If your child talks about a friend who’s on a diet, start by asking some friendly, curious questions: “What do you know about dieting?” or “Dieting, huh? What do you think about that?” They may think dieting is just eating vegetables. Or if they know a friend has been put on a diet by their doctor, they may perceive it as something akin to taking antibiotics for an ear infection. Find out where they are before you tell them where you are.
In my house, dieting came up for the first time a few months ago when my daughter and I read Lisa Fipps’s beautiful verse novel, Starfish. It’s about an 11-year-old fat kid named Ellie, whose mom has been putting her on diets her whole life. When I got to the first mention of the word diet, I asked my daughter if she knew what that meant. She shook her head, so I said, “A diet is when people try to make their bodies smaller by eating less food. It doesn’t work, and it can make you sick, especially for kids who are growing and need to eat as much food as they want.” She nodded and we kept reading.
If your kids use the word fat to describe themselves or someone else, resist the knee-jerk urge to say, “That’s not nice!” or “You’re not fat, you’re beautiful!” Instead, again, start with questions: “Why did you pick that word?” or “What do you think fat means?” If their answer makes it clear that they’ve picked up on the many common stereotypes about fat people (lazy, sluggish, stupid, eats too much, etc.), explain that those negative beliefs about larger bodies aren’t true. Then say, “A lot of people think and say mean things about fat people. This is called fatphobia, and it’s a big problem in our world that grown-ups like me are trying to fix.”

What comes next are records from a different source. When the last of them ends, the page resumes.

definition universal_evol :: "('e \<Rightarrow> 'v) \<Rightarrow> ('e \<Rightarrow> 'v) \<Rightarrow> 'v list \<times> 'e list \<Rightarrow> 'v \<Rightarrow> bool" where
  "universal_evol src tgt ev X \<longleftrightarrow> full_evol src tgt ev X \<and>
     (\<forall>\<beta>. full_evol src tgt \<beta> X \<longrightarrow> embeds src tgt ev \<beta>)"

definition phylogenetic_vertex :: "('e \<Rightarrow> 'v) \<Rightarrow> ('e \<Rightarrow> 'v) \<Rightarrow> 'v \<Rightarrow> bool" where
  "phylogenetic_vertex src tgt X \<longleftrightarrow> (\<exists>ev. universal_evol src tgt ev X)"

definition monotonous :: "('e \<Rightarrow> 'v) \<Rightarrow> ('e \<Rightarrow> 'v) \<Rightarrow> bool" where
  "monotonous src tgt \<longleftrightarrow> (\<forall>e. height src tgt (src e) \<ge> height src tgt (tgt e))"

text \<open>Smallness is automatic in HOL: isotypy classes are subsets of the type 'v.\<close>
definition phylogenetic_quiver :: "('e \<Rightarrow> 'v) \<Rightarrow> ('e \<Rightarrow> 'v) \<Rightarrow> bool" where
  "phylogenetic_quiver src tgt \<longleftrightarrow> monotonous src tgt \<and> (\<forall>X. phylogenetic_vertex src tgt X)"

definition iso_class :: "('e \<Rightarrow> 'v) \<Rightarrow> ('e \<Rightarrow> 'v) \<Rightarrow> 'v \<Rightarrow> 'v set" where
  "iso_class src tgt A = {B. isotypic src tgt A B}"

definition evo_level :: "('e \<Rightarrow> 'v) \<Rightarrow> ('e \<Rightarrow> 'v) \<Rightarrow> nat \<Rightarrow> 'v set set" where
  "evo_level src tgt m = {iso_class src tgt A | A. height src tgt A = enat m}"

definition class_le :: "('e \<Rightarrow> 'v) \<Rightarrow> ('e \<Rightarrow> 'v) \<Rightarrow> 'v set \<Rightarrow> 'v set \<Rightarrow> bool" where
  "class_le src tgt a b \<longleftrightarrow>
     (\<exists>A B. a = iso_class src tgt A \<and> b = iso_class src tgt B \<and> ancestor src tgt A B)"

definition parent :: "('e \<Rightarrow> 'v) \<Rightarrow> ('e \<Rightarrow> 'v) \<Rightarrow> 'v set \<Rightarrow> 'v set" where
  "parent src tgt a = (SOME c. \<exists>A ev. a = iso_class src tgt A \<and> universal_evol src tgt ev A \<and>
       c = iso_class src tgt (fst ev ! (evol_len ev - 1)))"

end

theory Submission
  imports Defs
begin

(*
  The ancestor order is the reflexive transitive closure of the edge relation, and heights
  grow along it.  If A \<le> B, append a path from A to B to a full evolution of A of minimal
  length: the result is a full evolution of B, so a universal evolution U of B embeds in it.
  Along a minimal full evolution the k-th vertex has height k, and heights are preserved by
  isotypy; hence the embedding is the identity below h(A).  So U agrees up to isotypy with every
  minimal full evolution of A below h(A), and A \<le> U_h(A).  The first fact makes the parental
  map independent of choices and gives p(a) = p(b) for comparable classes of equal height; the
  second shows that p^(n-m)(b) is the class of U_m and decides comparability at level m.
*)

lemma successively_nth_rtranclp:
  assumes "successively R xs" "i \<le> j" "j < length xs"
  shows "R\<^sup>*\<^sup>* (xs ! i) (xs ! j)"
  using assms(2,3)
proof (induction j)
  case (Suc j)
  then show ?case
    using successively_nth[OF assms(1), of j]
    by (cases "i = Suc j") (auto intro: rtranclp.rtrancl_into_rtrancl)
qed simp

lemma rtranclp_iff_successively:
  "R\<^sup>*\<^sup>* x y \<longleftrightarrow> (\<exists>xs. xs \<noteq> [] \<and> successively R xs \<and> hd xs = x \<and> last xs = y)"
proof
  assume "R\<^sup>*\<^sup>* x y"
  then show "\<exists>xs. xs \<noteq> [] \<and> successively R xs \<and> hd xs = x \<and> last xs = y"
  proof (induction rule: rtranclp_induct)
    case base
    show ?case by (intro exI[of _ "[x]"]) simp
  next
    case (step y z)
    then obtain xs where "xs \<noteq> []" "successively R xs" "hd xs = x" "last xs = y" by blast
    with step.hyps(2) show ?case
      by (intro exI[of _ "xs @ [z]"]) (simp add: successively_append_iff)
  qed
next
  assume "\<exists>xs. xs \<noteq> [] \<and> successively R xs \<and> hd xs = x \<and> last xs = y"
  then obtain xs where "xs \<noteq> []" "successively R xs" "hd xs = x" "last xs = y" by blast
  then show "R\<^sup>*\<^sup>* x y"
    using successively_nth_rtranclp[of R xs 0 "length xs - 1"] by (simp add: hd_conv_nth last_conv_nth)
qed

lemma successively_take: "successively R xs \<Longrightarrow> successively R (take n xs)"
  unfolding successively_conv_nth by auto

Jeff Hunger, an assistant professor of social psychology at Miami University in Ohio, suggests you further identify fatphobia in concrete terms a child will recognize. You might say something like, “If all the toys you play with are thinner, and all the characters in your favorite shows are too, you might think you’re supposed to look just like them. But everyone’s body is different, and that’s great!”
If someone has called your child fat or made a rude comment about their eating habits, start by validating their feelings. “It really hurt when your friend said you shouldn’t have that cupcake, huh?” Then give them space to explore and process those feelings. You might have to own something you’ve said or done in the past that contributed. (If your child is being bullied for their weight at school or by other family members, a therapist can help.)
Then reframe what they experienced: “Your body is not the problem. You don’t ever need to make yourself smaller by dieting.” The world will find a million ways to tell them something different. But they should always hear the truth from you.